*Description of the task*:
Starting at the line that holds "using P unfolding" and stopping at the line that holds "obtains W where", restate the records below word for word, with both of those lines included.

*Data*:
lemma nhds_zero_add_subset:
  fixes W :: "'a::topological_group_add set"
  assumes "open W" "0 \<in> W"
  obtains V where "open V" "0 \<in> V" "\<And>a b. a \<in> V \<Longrightarrow> b \<in> V \<Longrightarrow> a + b \<in> W"
proof -
  have "((\<lambda>x. fst x + snd x) \<longlongrightarrow> (0::'a) + 0) (nhds 0 \<times>\<^sub>F nhds 0)"
    by (rule tendsto_add_Pair)
  then have "\<forall>\<^sub>F x in nhds 0 \<times>\<^sub>F nhds 0. fst x + snd x \<in> W"
    using assms by (simp add: topological_tendstoD)
  then obtain P Q where P: "eventually P (nhds (0::'a))" and Q: "eventually Q (nhds (0::'a))"
    and PQ: "\<And>x y. P x \<Longrightarrow> Q y \<Longrightarrow> x + y \<in> W"
    unfolding eventually_prod_filter by force
  obtain A where "open A" "0 \<in> A" "\<forall>x\<in>A. P x"
    using P unfolding eventually_nhds by blast
  moreover obtain B where "open B" "0 \<in> B" "\<forall>x\<in>B. Q x"
    using Q unfolding eventually_nhds by blast
  ultimately show ?thesis
    using PQ by (intro that[of "A \<inter> B"]) auto
qed

lemma nhds_zero_symmetric_triple_sum_subset:
  fixes U :: "'a::topological_group_add set"
  assumes "open U" "0 \<in> U"
  obtains W where "open W" "0 \<in> W" "\<And>x. x \<in> W \<Longrightarrow> -x \<in> W"
    "\<And>a b c. a \<in> W \<Longrightarrow> b \<in> W \<Longrightarrow> c \<in> W \<Longrightarrow> a + b + c \<in> U"
proof -
  obtain V1 where V1: "open V1" "0 \<in> V1" "\<And>a b. a \<in> V1 \<Longrightarrow> b \<in> V1 \<Longrightarrow> a + b \<in> U"
    using nhds_zero_add_subset[OF assms] by blast
  obtain V2 where V2: "open V2" "0 \<in> V2" "\<And>a b. a \<in> V2 \<Longrightarrow> b \<in> V2 \<Longrightarrow> a + b \<in> V1"
    using nhds_zero_add_subset[OF V1(1,2)] by blast
  have "V2 \<subseteq> V1"
  proof
    fix x assume "x \<in> V2"
    then have "x + 0 \<in> V1"
      using V2(2,3) by blast
    then show "x \<in> V1"
      by simp
  qed
  define W where "W = V2 \<inter> uminus -` V2"
  have "continuous_on UNIV (uminus :: 'a \<Rightarrow> 'a)"
    by (intro continuous_intros)
  then have "open (uminus -` V2)"
    using V2(1) continuous_on_open_vimage[OF open_UNIV] by auto
  then have "open W"
    unfolding W_def using V2(1) by blast
  moreover have "0 \<in> W" "\<And>x. x \<in> W \<Longrightarrow> -x \<in> W"
    unfolding W_def using V2(2) by auto
  moreover have "a + b + c \<in> U" if "a \<in> W" "b \<in> W" "c \<in> W" for a b c
  proof -
    have "a + b \<in> V1" "c \<in> V1"
      using that V2(3) \<open>V2 \<subseteq> V1\<close> unfolding W_def by auto
    then show ?thesis
      by (rule V1(3))
  qed
  ultimately show ?thesis
    by (rule that)
qed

*Output of the task*:
    using P unfolding eventually_nhds by blast
  moreover obtain B where "open B" "0 \<in> B" "\<forall>x\<in>B. Q x"
    using Q unfolding eventually_nhds by blast
  ultimately show ?thesis
    using PQ by (intro that[of "A \<inter> B"]) auto
qed

lemma nhds_zero_symmetric_triple_sum_subset:
  fixes U :: "'a::topological_group_add set"
  assumes "open U" "0 \<in> U"
  obtains W where "open W" "0 \<in> W" "\<And>x. x \<in> W \<Longrightarrow> -x \<in> W"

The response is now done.